Scan the material below for the string "this", and copy every line where it shows up.
GIVEN RECORDS section start
lemma sum_form_gradient_nonzero:
  fixes g :: "'k::field poly" and u v w :: 'k
  assumes deg: "degree g = D" and D_nonzero: "(of_nat D :: 'k) \<noteq> 0"
    and critical_values: "\<And>x y. poly (pderiv g) x = 0 \<Longrightarrow> poly (pderiv g) y = 0 \<Longrightarrow> poly g x + poly g y \<noteq> 0"
    and nonzero: "(u, v, w) \<noteq> (0, 0, 0)"
  shows "\<not> (eval3 (dU (sum_form D g)) u v w = 0 \<and> eval3 (dV (sum_form D g)) u v w = 0 \<and>
            eval3 (dW (sum_form D g)) u v w = 0)"
proof
  assume "eval3 (dU (sum_form D g)) u v w = 0 \<and> eval3 (dV (sum_form D g)) u v w = 0 \<and>
            eval3 (dW (sum_form D g)) u v w = 0"
  then have dU0: "eval2 (map_poly pderiv (homog D g)) u w = 0"
    and dV0: "eval2 (map_poly pderiv (homog D g)) v w = 0"
    and dW0: "eval2 (pderiv (homog D g)) u w + eval2 (pderiv (homog D g)) v w = 0"
    by (simp_all add: eval3_gradient_sum_form)
  have "D \<noteq> 0"
    using D_nonzero by (intro notI) simp
  with deg have lead: "coeff g D \<noteq> 0"
    by (metis degree_0 leading_coeff_neq_0)
  show False
  proof (cases "w = 0")
    case True
    with dU0 dV0 lead D_nonzero have "u = 0" "v = 0"
      by (simp_all add: eval2_dU_homog_at_zero)
    with True nonzero show False
      by simp
  next
    case False
    from dU0 dV0 False have "poly (pderiv g) (u / w) = 0" "poly (pderiv g) (v / w) = 0"
      by (simp_all add: eval2_dU_homog_dehomogenize[OF False] deg)
    then have sum_nonzero: "poly g (u / w) + poly g (v / w) \<noteq> 0"
      by (rule critical_values)
    have "w * eval2 (pderiv (homog D g)) x w = of_nat D * (w ^ D * poly g (x / w))"
      if "eval2 (map_poly pderiv (homog D g)) x w = 0" for x
      using euler_homog[of x D g w] that eval2_homog_dehomogenize[OF False, of g D x] deg by simp
    from this[OF dU0] this[OF dV0] have "of_nat D * w ^ D * (poly g (u / w) + poly g (v / w))
        = w * (eval2 (pderiv (homog D g)) u w + eval2 (pderiv (homog D g)) v w)"
      by (simp add: algebra_simps)
    with dW0 D_nonzero False sum_nonzero show False
      by simp
  qed
qed

section \<open>Substituting \<open>aX\<^sup>2 + c\<close> into an irreducible polynomial\<close>

definition mirror_poly :: "'a::comm_ring_1 poly \<Rightarrow> 'a poly" where
  "mirror_poly p = pcompose p [:0, -1:]"

lemma mirror_poly_mirror_poly [simp]: "mirror_poly (mirror_poly p) = p"
  by (simp add: mirror_poly_def pcompose_assoc [symmetric] pcompose_pCons)

lemma mirror_poly_mult: "mirror_poly (p * q) = mirror_poly p * mirror_poly q"
  by (simp add: mirror_poly_def pcompose_mult)

lemma mirror_poly_unit: "is_unit (p :: 'a::idom_divide poly) \<Longrightarrow> mirror_poly p = p"
  by (auto simp: is_unit_poly_iff mirror_poly_def)

lemma poly_mirror_poly_0 [simp]: "poly (mirror_poly p) 0 = poly p 0"
  by (simp add: mirror_poly_def poly_pcompose)

lemma mirror_poly_pcompose_even: "mirror_poly (pcompose q [:c, 0, a:]) = pcompose q [:c, 0, a:]"
  by (simp add: mirror_poly_def pcompose_assoc [symmetric] pcompose_pCons)

lemma prime_elem_mirror_poly:
  fixes p :: "'a::idom_divide poly"
  assumes "prime_elem p"
  shows "prime_elem (mirror_poly p)"
proof (rule prime_elemI)
  show "mirror_poly p \<noteq> 0" "\<not> is_unit (mirror_poly p)"
    using assms mirror_poly_mirror_poly[of p] mirror_poly_unit[of "mirror_poly p"]
    by (auto simp: prime_elem_def mirror_poly_def)
next
  fix q r assume "mirror_poly p dvd q * r"
  then have "p dvd mirror_poly q * mirror_poly r"
    by (metis dvd_def mirror_poly_mirror_poly mirror_poly_mult)
  with assms have "p dvd mirror_poly q \<or> p dvd mirror_poly r"
    by (simp add: prime_elem_dvd_mult_iff)
  then show "mirror_poly p dvd q \<or> mirror_poly p dvd r"
    by (metis dvd_def mirror_poly_mirror_poly mirror_poly_mult)
qed

lemma mirror_poly_eq_mult_unit:
  fixes p u :: "'a::idom_divide poly"
  assumes "(2::'a) \<noteq> 0" "p \<noteq> 0" "mirror_poly p = p * u"
  shows "u = 1 \<or> u = -1"
proof -
  have "p = mirror_poly p * mirror_poly u"
    using arg_cong[OF assms(3), of mirror_poly] by (simp add: mirror_poly_mult)
  also have "\<dots> = p * (u * mirror_poly u)"
    using assms(3) by (simp add: mult.assoc)
  finally have "p * 1 = p * (u * mirror_poly u)"
    by simp
  then have "u * mirror_poly u = 1"
    using assms(2) mult_cancel_left by metis
  then have "u * u = 1"
    by (metis dvd_triv_left mirror_poly_unit)
  then have "(u - 1) * (u + 1) = 0"
    by (simp add: algebra_simps)
  then show ?thesis
    by (simp add: eq_neg_iff_add_eq_0)
qed

lemma mirror_invariant_pcompose_square:
  fixes H :: "'a::idom_divide poly"
  assumes "(2::'a) \<noteq> 0" "mirror_poly H = H"
  shows "\<exists>H0. H = pcompose H0 [:0, 0, 1:]"
  using assms(2)
proof (induction "degree H" arbitrary: H rule: less_induct)
  case less
  obtain h0 h1 H2 where H: "H = pCons h0 (pCons h1 H2)"
    by (metis pCons_cases)
  have "mirror_poly H = pCons h0 (pCons (-h1) (mirror_poly H2))"
    by (simp add: H mirror_poly_def pcompose_pCons)
  with less.prems have "h1 = - h1" "mirror_poly H2 = H2"
    by (simp_all add: H)
  then have "h1 = 0"
    using assms(1) by (metis add_eq_0_iff2 mult_2 mult_eq_0_iff)
  show ?case
  proof (cases "H2 = 0")
    case True
    then show ?thesis
      by (intro exI[of _ "[:h0:]"]) (simp add: H \<open>h1 = 0\<close>)
  next
    case False
    then have "degree H2 < degree H"
      by (simp add: H)
    with less.hyps \<open>mirror_poly H2 = H2\<close> obtain H0 where "H2 = pcompose H0 [:0, 0, 1:]"
      by blast
    then show ?thesis
      by (intro exI[of _ "pCons h0 H0"]) (simp add: H \<open>h1 = 0\<close> pcompose_pCons)
  qed
qed

lemma mirror_invariant_pcompose_quadratic:
  fixes H :: "'a::idom_divide poly"
  assumes "(2::'a) \<noteq> 0" "a dvd 1" "mirror_poly H = H"
  shows "\<exists>M. H = pcompose M [:c, 0, a:]"
proof -
  obtain H0 where H0: "H = pcompose H0 [:0, 0, 1:]"
    using mirror_invariant_pcompose_square[OF assms(1,3)] by blast
  obtain b where "1 = a * b"
    using assms(2) by (elim dvdE)
  then have "pcompose [:- b * c, b:] [:c, 0, a:] = [:0, 0, 1:]"
    by (simp add: pcompose_pCons algebra_simps)
  then show ?thesis
    by (intro exI[of _ "pcompose H0 [:- b * c, b:]"]) (simp add: H0 flip: pcompose_assoc)
qed

lemma pcompose_quadratic_dvd_cancel:
  fixes M Q :: "'a::idom_divide poly"
  assumes "(2::'a) \<noteq> 0" "a dvd 1"
    and dvd: "pcompose M [:c, 0, a:] dvd pcompose Q [:c, 0, a:]"
  shows "M dvd Q"
proof -
  define S where "S = [:c, 0, a:]"
  have "a \<noteq> 0"
    using assms(2) by auto
  then have degree_S: "degree S = 2"
    by (simp add: S_def)
  obtain T where T: "pcompose Q S = pcompose M S * T"
    using dvd unfolding S_def by blast
  show ?thesis
  proof (cases "M = 0")
    case True
    with T degree_S have "Q = 0"
      by (simp add: pcompose_eq_0_iff)
    then show ?thesis
      by simp
  next
    case False
    with degree_S have MS: "pcompose M S \<noteq> 0"
      by (simp add: pcompose_eq_0_iff)
    have "pcompose M S * mirror_poly T = pcompose M S * T"
      using arg_cong[OF T, of mirror_poly] T
      by (simp add: mirror_poly_mult mirror_poly_pcompose_even S_def)
    with MS have "mirror_poly T = T"
      by simp
    then obtain T' where T': "T = pcompose T' S"
      using mirror_invariant_pcompose_quadratic[OF assms(1,2)] unfolding S_def by blast
    have "pcompose (Q - M * T') S = 0"
      using T T' by (simp add: pcompose_diff pcompose_mult)
    with degree_S have "Q = M * T'"
      by (simp add: pcompose_eq_0_iff)
    then show ?thesis
      by simp
  qed
qed

lemma mirror_invariant_factor_of_pcompose_quadratic:
  fixes N Q :: "'a::idom_divide poly"
  assumes "(2::'a) \<noteq> 0" "a dvd 1" "irreducible Q"
    and "mirror_poly N = N" "N dvd pcompose Q [:c, 0, a:]" "\<not> is_unit N"
  shows "\<exists>v. is_unit v \<and> pcompose Q [:c, 0, a:] = v * N"
proof -
  obtain M where M: "N = pcompose M [:c, 0, a:]"
    using mirror_invariant_pcompose_quadratic[OF assms(1,2,4)] by blast
  with assms obtain v where v: "Q = M * v"
    by (metis pcompose_quadratic_dvd_cancel dvdE)
  have "\<not> is_unit M"
    using M assms(6) by (auto simp: is_unit_poly_iff)
  with v assms(3) have "is_unit v"
    using irreducibleD by blast
  moreover from this have "pcompose v [:c, 0, a:] = v"
    by (auto simp: is_unit_poly_iff)
  ultimately show ?thesis
    using M v by (intro exI[of _ v]) (simp add: pcompose_mult mult.commute)
qed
GIVEN RECORDS section end
__TASK SOLUTION__.
    from this[OF dU0] this[OF dV0] have "of_nat D * w ^ D * (poly g (u / w) + poly g (v / w))
  moreover from this have "pcompose v [:c, 0, a:] = v"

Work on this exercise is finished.